Leaping Lena was due to lurch into the station the following evening. Early Saturday morning he would have been on his way to Darwin, where he planned to stay for a couple of days before heading back to Melbourne. But word came via telegraph the night before that the early start to the wet season, heralded by a sudden heavy downpour, had flooded the town of Mataranka, 100 miles to the north. The train was stuck there after being derailed, and no-one knew how long it would take to get it up and running again. For now, there would be no train until the floods receded.
The rains forced him to change his plans again, or at least that’s what he told himself. He was secretly relieved to have the chance to spend more time with Anna. She was a mystery he needed to solve. He was determined to figure out the enigmatic laws that governed this woman he had seemed destined to stumble upon in the middle of the outback. It was a biblical story, this wandering through the desert, the sudden downpour and flooding, swarms of locusts. It seemed possible, in that purgatory of time and space imposed upon them, that he may be able to reach closer to her centre. Another week’s delay wouldn’t make much difference to his travels.

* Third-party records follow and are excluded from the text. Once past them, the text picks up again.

(* Let $F$ be a CNF formula over variables $x_1,\dots,x_n$ with clauses $C_1,\dots,C_m$ of two or three literals each. Let $R$ be the triple set and $H=(V,A)$ the hypergraph constructed from $F$ as described in the context. If $P\subseteq A$ is an acyclic path in $H$ from $\alpha\beta$ to $c_{m+1}\gamma$, then the triple set $\mathrm{triples}(P)=\{pq|o : \{p,q\}\to\{\{p,o\},\{q,o\}\}\in P\}$ is consistent.
   Context: **Triples and trees.** A rooted triple $pq|o$, with $p,q,o$ distinct leaves and unordered in $p,q$, is displayed by a rooted binary tree $T$ (leaf set containing $p,q,o$) if the path from $p$ to $q$ is node-disjoint from the path from $o$ to the root. A triple set is consistent if some rooted binary tree displays all of its triples. **Triples and arcs.** The triple $pq|o$ corresponds to the hyperarc $\mathrm{arc}(pq|o)=\{p,q\}\to\{\{p,o\},\{q,o\}\}$, and conversely; we write $pq$ for the node $\{p,q\}$. **Hypergraph notions.** A hyperarc $u\to\{v,v'\}$ has tail $u$ and heads $\{v,v'\}$. A path from $u_0$ to $u_\ell$ is a sequence of distinct arcs $(a_1,\dots,a_\ell)$ with $\mathrm{t}(a_1)=u_0$, $u_\ell\in\mathrm{h}(a_\ell)$, and $\mathrm{t}(a_{k+1})\in\mathrm{h}(a_k)$ for all $k$. It is acyclic if no $a_k$ has a head equal to $\mathrm{t}(a_{k'})$ with $k'<k$. **Construction.** Use leaves - $x_i^j,\bar x_i^j,y_i^j,\bar y_i^j$ for $i\in[n]$, $j\in[m]$; - $b_i,b'_i$ for $i\in[n+1]$; - $c_j,d_j$ for $j\in[m]$; - $c_{m+1}$, and $\alpha,\beta,\gamma$. The triple set $R$ is the union of the following groups. (i) For each $i\in[n]$: - $b_ib'_i|x_i^1$ and $b'_ix_i^1|y_i^1$; - $x_i^jy_i^j|x_i^{j+1}$ and $y_i^jx_i^{j+1}|y_i^{j+1}$ for $1\le j\le m-1$; - $x_i^my_i^m|b_{i+1}$ and $y_i^mb_{i+1}|b'_{i+1}$. (ii) For each $i\in[n]$: - $b_ib'_i|\bar x_i^1$ and $b'_i\bar x_i^1|\bar y_i^1$; - $\bar x_i^j\bar y_i^j|\bar x_i^{j+1}$ and $\bar y_i^j\bar x_i^{j+1}|\bar y_i^{j+1}$ for $1\le j\le m-1$; - $\bar x_i^m\bar y_i^m|b_{i+1}$ and $\bar x_i^mb_{i+1}|b'_{i+1}$. (iii) For each clause $C_j$: - for each positive occurrence of $x_i$ in $C_j$, the triples $c_jd_j|x_i^j$, $c_jx_i^j|y_i^j$, $c_jy_i^j|c_{j+1}$; - for each negative occurrence of $x_i$ in $C_j$, the same triples with $\bar x_i^j,\bar y_i^j$ in place of $x_i^j,y_i^j$; - if $j<m$, the triple $c_jc_{j+1}|d_{j+1}$. (iv) Connecting triples: $\alpha\beta|b_1$, $\beta b_1|b'_1$, $b_{n+1}b'_{n+1}|c_1$, $b'_{n+1}c_1|d_1$, $c_mc_{m+1}|\gamma$. Then $A=\{\mathrm{arc}(t):t\in R\}$, and $V$ is the set of leaf pairs occurring in arcs of $A$. *)

theory Defs
  imports Main "HOL-Library.Sublist"
begin

datatype 'a tree = Leaf 'a | Node "'a tree" "'a tree"

fun leaves :: "'a tree \<Rightarrow> 'a list" where
  "leaves (Leaf a) = [a]"
| "leaves (Node l r) = leaves l @ leaves r"

text \<open>Positions of nodes are bool lists (path from the root: False = left, True = right);
  addrs T records each leaf label together with its position.\<close>
fun addrs :: "'a tree \<Rightarrow> ('a \<times> bool list) set" where
  "addrs (Leaf a) = {(a, [])}"
| "addrs (Node l r) = {(a, False # w) | a w. (a, w) \<in> addrs l}
                    \<union> {(a, True # w) | a w. (a, w) \<in> addrs r}"

definition addr :: "'a tree \<Rightarrow> 'a \<Rightarrow> bool list" where
  "addr T a = (THE w. (a, w) \<in> addrs T)"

For the white folk, Birdum was the conquest of a hostile landscape. Built on the banks of a shrunken riverbed, it was born from the dream of a train that would bisect the heart of the country from top to bottom. Alter saw it as a possible safe haven, but Anna thought of Birdum more as a dull mote on an intricate carpet. She had woken in the depths of the shuddering night, long after the lamp had stopped hissing. Restless in her half-dreams, she left Alter lying there fast asleep and padded outside to the veranda. In the storm, she sat shivering as she listened to distant moaning echoing across the bush. She remembered the howling of wolves from the depths of the forest back home. She had thought she could hide away inside this scuffed, silent country and slowly creak back to life. Out here, though, despite the vastness that surrounded her – with its yelps, yawps and muffled whispers – she still felt as though Professor Jäger and his cronies were watching her. She lit the lamp and set it down beside her. A mouse who had been scuttling along the wooden boards suddenly froze, looking straight at her, its eyes strangely opaque, the wide round pupil and muddy iris marooned on an island of white. It glared mockingly, as if to say: Anna, you are a mouse, not a phoenix. Alter was chiselling away at her heart, even though she thought it had turned to stone long ago. She had been determined to stand on her own two feet, promising herself she would never take up with a man. Flesh had betrayed her.